%%

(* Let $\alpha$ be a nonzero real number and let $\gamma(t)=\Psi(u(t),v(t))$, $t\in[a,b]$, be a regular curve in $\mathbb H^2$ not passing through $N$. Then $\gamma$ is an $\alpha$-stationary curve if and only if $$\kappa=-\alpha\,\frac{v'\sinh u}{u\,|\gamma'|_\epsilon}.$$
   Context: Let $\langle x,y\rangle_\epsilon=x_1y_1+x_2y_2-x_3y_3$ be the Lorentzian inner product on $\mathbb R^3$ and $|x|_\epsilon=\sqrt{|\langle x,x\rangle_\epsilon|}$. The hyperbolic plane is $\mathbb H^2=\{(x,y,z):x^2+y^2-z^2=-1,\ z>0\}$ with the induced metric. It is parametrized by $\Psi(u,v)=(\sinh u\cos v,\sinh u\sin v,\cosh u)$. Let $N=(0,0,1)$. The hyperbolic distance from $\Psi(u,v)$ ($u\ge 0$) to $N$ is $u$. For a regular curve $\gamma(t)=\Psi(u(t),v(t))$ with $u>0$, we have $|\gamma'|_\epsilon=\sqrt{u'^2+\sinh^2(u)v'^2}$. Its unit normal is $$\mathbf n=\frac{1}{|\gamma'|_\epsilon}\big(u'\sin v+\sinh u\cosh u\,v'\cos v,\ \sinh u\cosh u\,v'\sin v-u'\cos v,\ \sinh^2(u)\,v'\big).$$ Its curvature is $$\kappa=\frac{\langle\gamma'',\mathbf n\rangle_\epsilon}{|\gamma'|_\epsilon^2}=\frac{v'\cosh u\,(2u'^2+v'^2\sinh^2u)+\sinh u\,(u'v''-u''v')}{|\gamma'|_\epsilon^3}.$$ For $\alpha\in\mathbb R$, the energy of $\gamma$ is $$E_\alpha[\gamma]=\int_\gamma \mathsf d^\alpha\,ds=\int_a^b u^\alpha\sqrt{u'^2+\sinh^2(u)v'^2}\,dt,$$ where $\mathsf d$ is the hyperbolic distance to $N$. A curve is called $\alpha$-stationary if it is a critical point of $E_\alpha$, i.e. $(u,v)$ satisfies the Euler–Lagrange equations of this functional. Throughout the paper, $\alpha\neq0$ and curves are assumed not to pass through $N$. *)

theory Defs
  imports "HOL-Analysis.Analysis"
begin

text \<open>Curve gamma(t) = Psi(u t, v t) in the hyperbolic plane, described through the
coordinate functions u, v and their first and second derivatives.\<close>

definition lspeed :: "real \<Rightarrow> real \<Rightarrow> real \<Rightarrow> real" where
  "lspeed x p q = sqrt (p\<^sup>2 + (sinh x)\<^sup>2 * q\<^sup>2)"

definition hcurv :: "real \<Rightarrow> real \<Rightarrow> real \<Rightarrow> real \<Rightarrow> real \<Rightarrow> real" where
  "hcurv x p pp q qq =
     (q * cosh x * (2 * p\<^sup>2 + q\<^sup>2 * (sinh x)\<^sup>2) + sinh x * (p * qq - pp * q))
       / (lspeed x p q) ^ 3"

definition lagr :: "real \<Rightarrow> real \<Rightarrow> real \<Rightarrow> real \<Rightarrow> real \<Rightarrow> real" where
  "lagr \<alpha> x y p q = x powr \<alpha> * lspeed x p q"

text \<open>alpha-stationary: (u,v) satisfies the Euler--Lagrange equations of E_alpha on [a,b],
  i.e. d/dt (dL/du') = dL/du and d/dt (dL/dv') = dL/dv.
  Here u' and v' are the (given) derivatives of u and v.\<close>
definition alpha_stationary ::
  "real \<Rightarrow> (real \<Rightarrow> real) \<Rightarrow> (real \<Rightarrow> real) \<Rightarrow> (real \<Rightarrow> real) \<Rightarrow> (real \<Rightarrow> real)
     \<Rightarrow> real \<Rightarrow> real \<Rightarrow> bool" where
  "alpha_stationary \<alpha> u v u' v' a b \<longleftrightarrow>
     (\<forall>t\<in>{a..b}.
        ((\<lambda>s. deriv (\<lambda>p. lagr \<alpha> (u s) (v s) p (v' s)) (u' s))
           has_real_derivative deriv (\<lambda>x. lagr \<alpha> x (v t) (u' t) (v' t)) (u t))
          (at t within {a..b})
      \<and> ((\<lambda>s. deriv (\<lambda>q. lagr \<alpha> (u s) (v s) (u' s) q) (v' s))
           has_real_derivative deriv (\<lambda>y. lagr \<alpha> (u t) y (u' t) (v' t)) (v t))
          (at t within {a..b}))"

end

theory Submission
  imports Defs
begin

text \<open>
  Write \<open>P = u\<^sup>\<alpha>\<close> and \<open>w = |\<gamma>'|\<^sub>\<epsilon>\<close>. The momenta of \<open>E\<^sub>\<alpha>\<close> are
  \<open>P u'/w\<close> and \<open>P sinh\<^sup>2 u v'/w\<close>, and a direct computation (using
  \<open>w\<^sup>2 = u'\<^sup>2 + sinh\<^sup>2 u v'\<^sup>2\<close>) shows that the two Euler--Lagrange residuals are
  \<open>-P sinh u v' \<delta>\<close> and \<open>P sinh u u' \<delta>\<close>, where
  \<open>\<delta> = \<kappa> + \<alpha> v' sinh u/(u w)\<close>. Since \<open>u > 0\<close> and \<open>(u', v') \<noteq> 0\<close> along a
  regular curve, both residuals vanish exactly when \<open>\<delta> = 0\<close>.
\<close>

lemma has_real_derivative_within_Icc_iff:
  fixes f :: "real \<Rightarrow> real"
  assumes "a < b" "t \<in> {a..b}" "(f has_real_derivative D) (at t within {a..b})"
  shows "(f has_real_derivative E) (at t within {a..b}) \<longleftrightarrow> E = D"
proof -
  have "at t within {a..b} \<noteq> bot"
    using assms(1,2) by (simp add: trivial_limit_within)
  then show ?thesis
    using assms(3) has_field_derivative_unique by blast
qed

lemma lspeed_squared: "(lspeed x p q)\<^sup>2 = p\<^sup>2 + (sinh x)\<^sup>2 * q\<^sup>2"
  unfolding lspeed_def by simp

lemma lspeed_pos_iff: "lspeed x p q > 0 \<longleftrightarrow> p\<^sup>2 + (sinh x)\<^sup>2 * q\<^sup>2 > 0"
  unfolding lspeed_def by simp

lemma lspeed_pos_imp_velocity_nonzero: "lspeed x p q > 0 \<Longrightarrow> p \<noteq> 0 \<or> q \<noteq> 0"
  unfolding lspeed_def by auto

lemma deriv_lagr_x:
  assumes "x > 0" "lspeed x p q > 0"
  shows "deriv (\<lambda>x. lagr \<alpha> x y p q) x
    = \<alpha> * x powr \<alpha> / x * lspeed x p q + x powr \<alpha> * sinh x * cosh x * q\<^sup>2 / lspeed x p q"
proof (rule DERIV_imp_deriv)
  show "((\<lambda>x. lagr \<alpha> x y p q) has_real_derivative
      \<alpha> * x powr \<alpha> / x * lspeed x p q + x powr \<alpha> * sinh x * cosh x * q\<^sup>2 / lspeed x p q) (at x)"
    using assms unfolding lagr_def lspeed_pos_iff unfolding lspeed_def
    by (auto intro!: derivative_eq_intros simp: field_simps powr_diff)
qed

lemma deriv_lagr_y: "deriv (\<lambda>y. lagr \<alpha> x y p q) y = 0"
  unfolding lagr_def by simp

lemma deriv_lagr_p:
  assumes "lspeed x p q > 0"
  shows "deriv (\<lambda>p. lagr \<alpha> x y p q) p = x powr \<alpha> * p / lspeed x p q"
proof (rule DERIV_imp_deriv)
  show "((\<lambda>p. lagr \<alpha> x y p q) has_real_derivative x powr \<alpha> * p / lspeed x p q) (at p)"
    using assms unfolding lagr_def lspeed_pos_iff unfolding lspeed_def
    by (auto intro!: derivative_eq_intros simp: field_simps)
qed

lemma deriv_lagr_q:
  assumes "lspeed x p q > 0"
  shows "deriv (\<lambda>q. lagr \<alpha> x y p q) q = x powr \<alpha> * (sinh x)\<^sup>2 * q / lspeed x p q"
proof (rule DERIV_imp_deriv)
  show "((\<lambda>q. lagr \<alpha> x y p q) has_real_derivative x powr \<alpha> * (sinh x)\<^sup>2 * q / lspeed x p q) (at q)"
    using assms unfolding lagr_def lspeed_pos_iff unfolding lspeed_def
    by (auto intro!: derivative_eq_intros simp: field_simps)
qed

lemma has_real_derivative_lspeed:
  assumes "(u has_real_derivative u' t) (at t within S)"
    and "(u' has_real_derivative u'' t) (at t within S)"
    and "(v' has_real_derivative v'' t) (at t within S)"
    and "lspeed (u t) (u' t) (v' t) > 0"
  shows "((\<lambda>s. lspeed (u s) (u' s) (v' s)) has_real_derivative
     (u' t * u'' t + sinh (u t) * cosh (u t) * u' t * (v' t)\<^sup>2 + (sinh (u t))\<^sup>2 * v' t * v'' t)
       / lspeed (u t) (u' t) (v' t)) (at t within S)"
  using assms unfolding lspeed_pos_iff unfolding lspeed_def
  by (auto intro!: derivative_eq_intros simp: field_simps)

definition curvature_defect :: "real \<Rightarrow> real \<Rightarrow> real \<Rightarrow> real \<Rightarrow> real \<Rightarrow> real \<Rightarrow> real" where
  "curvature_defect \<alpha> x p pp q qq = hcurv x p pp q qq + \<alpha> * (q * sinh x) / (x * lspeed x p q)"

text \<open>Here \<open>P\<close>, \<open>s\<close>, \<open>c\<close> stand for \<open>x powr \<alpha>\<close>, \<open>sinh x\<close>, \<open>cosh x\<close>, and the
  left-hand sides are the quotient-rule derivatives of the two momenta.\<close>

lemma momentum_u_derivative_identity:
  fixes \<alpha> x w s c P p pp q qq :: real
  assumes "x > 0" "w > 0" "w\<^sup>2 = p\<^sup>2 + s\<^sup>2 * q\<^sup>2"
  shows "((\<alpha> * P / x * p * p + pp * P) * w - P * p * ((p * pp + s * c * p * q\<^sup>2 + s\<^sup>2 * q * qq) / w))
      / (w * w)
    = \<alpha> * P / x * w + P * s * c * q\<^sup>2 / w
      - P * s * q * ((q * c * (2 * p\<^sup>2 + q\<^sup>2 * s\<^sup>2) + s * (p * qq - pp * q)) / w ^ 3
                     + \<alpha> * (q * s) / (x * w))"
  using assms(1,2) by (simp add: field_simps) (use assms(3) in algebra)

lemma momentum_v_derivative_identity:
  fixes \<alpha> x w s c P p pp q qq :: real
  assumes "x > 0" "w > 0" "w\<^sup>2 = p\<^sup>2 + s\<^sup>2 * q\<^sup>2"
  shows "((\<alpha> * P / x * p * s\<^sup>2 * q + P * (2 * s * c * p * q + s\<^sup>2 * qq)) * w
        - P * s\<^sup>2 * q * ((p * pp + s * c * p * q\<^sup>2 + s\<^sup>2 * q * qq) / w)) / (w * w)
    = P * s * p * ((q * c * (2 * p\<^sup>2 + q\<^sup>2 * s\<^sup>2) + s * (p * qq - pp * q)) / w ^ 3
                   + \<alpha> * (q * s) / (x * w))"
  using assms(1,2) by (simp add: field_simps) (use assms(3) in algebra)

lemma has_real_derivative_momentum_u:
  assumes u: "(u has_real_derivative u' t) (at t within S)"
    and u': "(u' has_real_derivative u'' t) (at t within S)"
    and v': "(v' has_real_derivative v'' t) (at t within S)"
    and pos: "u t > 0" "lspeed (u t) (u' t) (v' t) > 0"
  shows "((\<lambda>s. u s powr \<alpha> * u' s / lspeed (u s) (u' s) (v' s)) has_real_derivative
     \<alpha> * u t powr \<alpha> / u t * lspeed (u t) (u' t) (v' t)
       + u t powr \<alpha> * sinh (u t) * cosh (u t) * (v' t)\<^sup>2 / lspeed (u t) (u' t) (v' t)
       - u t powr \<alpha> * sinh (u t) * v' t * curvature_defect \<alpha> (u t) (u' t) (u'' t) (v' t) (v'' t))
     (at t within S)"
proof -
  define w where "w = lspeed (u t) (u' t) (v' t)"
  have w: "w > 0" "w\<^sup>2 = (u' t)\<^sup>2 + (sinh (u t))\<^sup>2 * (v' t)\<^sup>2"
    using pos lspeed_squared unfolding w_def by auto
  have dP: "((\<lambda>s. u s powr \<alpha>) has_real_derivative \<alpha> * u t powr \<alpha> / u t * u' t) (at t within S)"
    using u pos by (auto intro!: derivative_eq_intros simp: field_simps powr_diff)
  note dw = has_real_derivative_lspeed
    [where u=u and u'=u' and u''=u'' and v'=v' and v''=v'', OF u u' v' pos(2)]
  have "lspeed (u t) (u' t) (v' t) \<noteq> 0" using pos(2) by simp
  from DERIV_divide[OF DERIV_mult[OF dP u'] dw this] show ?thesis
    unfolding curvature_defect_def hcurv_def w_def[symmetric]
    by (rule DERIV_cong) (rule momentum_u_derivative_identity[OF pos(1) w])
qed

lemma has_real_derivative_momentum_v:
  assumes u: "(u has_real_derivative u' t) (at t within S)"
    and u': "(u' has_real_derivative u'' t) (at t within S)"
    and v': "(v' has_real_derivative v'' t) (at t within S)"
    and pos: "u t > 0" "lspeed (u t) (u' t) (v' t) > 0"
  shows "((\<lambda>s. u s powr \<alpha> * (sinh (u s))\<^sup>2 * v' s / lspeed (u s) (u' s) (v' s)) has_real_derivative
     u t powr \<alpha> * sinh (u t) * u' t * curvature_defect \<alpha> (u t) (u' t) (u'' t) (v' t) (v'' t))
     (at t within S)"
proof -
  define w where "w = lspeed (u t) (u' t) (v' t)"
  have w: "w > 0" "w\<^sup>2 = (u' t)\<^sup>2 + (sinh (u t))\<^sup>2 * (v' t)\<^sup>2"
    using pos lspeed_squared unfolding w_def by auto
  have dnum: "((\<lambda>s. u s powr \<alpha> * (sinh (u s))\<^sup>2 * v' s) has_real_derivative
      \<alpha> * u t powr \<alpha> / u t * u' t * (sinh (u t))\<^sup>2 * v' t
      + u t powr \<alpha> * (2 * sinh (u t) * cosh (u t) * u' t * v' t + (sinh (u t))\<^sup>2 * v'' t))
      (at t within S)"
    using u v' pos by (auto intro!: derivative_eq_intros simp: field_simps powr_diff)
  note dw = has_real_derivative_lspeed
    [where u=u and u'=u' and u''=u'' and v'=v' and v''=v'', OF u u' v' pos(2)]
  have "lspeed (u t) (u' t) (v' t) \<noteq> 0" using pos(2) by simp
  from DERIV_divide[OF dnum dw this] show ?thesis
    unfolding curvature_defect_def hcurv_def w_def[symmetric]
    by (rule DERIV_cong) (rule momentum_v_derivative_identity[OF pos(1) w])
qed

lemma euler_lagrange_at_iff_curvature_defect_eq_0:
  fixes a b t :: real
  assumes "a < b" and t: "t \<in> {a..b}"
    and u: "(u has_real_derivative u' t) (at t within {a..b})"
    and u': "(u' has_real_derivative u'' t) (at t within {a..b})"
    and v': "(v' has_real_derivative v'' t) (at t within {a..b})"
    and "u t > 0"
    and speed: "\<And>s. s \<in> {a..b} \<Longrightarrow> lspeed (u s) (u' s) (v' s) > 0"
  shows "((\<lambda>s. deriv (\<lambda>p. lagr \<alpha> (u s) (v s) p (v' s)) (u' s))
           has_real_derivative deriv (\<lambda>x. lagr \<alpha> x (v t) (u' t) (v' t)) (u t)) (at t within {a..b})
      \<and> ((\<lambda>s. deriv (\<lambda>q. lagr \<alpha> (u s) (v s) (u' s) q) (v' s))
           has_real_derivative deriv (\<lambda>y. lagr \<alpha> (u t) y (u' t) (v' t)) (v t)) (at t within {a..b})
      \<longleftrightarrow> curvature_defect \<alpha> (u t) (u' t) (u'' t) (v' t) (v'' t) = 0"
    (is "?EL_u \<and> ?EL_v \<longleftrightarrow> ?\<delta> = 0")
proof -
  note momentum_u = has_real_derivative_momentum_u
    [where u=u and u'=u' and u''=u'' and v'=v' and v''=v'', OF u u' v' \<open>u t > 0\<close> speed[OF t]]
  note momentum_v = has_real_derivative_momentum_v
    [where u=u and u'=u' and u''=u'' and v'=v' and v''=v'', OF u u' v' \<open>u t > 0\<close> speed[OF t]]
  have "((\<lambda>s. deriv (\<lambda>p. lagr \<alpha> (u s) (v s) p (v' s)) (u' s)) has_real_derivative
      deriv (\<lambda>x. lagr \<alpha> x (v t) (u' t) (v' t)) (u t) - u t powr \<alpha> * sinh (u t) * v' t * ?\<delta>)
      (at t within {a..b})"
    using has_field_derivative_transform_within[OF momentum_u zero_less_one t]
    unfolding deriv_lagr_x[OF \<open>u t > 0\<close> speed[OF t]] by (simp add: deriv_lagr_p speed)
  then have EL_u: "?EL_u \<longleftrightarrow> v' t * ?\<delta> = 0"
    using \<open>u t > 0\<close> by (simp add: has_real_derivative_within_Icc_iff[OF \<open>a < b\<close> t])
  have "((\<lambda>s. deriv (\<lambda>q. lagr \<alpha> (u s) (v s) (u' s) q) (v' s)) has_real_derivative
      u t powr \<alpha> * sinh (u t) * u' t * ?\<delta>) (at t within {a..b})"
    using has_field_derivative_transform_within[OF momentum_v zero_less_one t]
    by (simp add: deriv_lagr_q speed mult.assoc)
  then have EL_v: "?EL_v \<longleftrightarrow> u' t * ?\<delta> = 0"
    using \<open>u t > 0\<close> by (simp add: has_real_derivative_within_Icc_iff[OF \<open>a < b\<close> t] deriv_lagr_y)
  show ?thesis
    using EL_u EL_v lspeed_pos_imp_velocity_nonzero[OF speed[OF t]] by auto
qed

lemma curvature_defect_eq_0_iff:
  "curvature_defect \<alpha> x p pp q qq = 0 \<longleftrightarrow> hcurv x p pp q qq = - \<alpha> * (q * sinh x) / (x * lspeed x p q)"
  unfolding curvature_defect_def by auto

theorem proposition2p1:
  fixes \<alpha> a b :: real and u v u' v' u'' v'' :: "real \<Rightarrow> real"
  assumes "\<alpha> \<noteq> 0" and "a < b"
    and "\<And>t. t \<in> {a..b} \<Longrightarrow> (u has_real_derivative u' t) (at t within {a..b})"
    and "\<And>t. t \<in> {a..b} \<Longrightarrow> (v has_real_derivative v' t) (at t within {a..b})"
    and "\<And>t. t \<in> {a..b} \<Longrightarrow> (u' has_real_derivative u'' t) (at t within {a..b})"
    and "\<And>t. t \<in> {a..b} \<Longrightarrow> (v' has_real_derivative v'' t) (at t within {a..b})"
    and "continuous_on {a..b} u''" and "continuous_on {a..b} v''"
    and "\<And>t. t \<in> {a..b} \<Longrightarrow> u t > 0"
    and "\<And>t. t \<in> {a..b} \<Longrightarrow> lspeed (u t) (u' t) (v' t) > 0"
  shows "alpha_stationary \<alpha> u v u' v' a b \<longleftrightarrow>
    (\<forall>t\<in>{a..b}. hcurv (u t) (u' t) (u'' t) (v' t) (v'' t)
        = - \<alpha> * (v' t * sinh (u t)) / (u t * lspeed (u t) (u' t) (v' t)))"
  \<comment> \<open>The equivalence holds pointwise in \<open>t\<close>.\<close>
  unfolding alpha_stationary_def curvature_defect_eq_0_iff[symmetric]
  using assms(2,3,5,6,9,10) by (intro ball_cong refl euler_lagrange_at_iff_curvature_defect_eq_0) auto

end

%%
%%

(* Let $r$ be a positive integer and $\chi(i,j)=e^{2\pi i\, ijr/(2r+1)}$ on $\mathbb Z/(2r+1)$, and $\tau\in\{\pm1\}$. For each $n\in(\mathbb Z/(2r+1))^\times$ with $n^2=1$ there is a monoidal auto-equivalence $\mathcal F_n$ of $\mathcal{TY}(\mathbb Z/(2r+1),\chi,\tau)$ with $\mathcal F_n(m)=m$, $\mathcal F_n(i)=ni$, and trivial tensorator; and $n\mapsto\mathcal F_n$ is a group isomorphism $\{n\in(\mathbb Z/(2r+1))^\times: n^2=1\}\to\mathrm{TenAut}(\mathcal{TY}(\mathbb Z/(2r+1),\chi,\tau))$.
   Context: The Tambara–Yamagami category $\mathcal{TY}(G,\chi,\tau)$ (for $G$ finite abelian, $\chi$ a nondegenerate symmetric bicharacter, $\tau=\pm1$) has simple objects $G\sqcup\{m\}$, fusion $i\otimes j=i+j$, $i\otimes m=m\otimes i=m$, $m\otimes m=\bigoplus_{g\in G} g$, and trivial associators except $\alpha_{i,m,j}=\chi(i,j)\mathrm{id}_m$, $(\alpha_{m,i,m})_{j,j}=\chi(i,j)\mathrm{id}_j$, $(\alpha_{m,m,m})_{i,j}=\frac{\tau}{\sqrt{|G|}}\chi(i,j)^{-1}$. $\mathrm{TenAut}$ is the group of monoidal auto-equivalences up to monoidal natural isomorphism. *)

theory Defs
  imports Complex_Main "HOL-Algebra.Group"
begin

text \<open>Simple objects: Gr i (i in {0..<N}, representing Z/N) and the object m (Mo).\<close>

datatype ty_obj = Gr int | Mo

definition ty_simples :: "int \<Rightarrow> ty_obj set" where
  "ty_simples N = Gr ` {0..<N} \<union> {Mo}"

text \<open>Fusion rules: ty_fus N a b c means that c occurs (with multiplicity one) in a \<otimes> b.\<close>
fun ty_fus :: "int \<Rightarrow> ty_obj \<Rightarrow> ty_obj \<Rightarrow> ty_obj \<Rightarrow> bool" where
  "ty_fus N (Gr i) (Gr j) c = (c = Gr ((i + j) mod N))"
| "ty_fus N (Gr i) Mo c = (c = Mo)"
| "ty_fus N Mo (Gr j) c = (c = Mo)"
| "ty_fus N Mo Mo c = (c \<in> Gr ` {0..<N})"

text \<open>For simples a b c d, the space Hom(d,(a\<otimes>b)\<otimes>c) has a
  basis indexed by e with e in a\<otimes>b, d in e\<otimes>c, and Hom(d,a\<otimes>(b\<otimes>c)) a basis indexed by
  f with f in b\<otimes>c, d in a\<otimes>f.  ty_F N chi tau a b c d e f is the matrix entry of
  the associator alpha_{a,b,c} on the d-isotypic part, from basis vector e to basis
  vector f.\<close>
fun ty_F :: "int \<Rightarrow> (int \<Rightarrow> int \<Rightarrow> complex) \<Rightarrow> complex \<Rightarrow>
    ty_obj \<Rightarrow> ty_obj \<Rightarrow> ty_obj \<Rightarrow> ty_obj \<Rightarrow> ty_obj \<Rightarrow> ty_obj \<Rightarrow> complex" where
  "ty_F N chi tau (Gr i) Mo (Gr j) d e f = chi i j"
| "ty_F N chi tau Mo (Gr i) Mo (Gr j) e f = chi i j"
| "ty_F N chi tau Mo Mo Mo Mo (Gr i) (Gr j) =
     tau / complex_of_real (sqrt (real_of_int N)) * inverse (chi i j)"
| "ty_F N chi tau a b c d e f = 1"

%%

# [TASK DETAILS]
Whenever a line in the entries above includes the word "vector", pull that line out.

# [WRITTEN RESPONSE]
  the associator alpha_{a,b,c} on the d-isotypic part, from basis vector e to basis
  vector f.\<close>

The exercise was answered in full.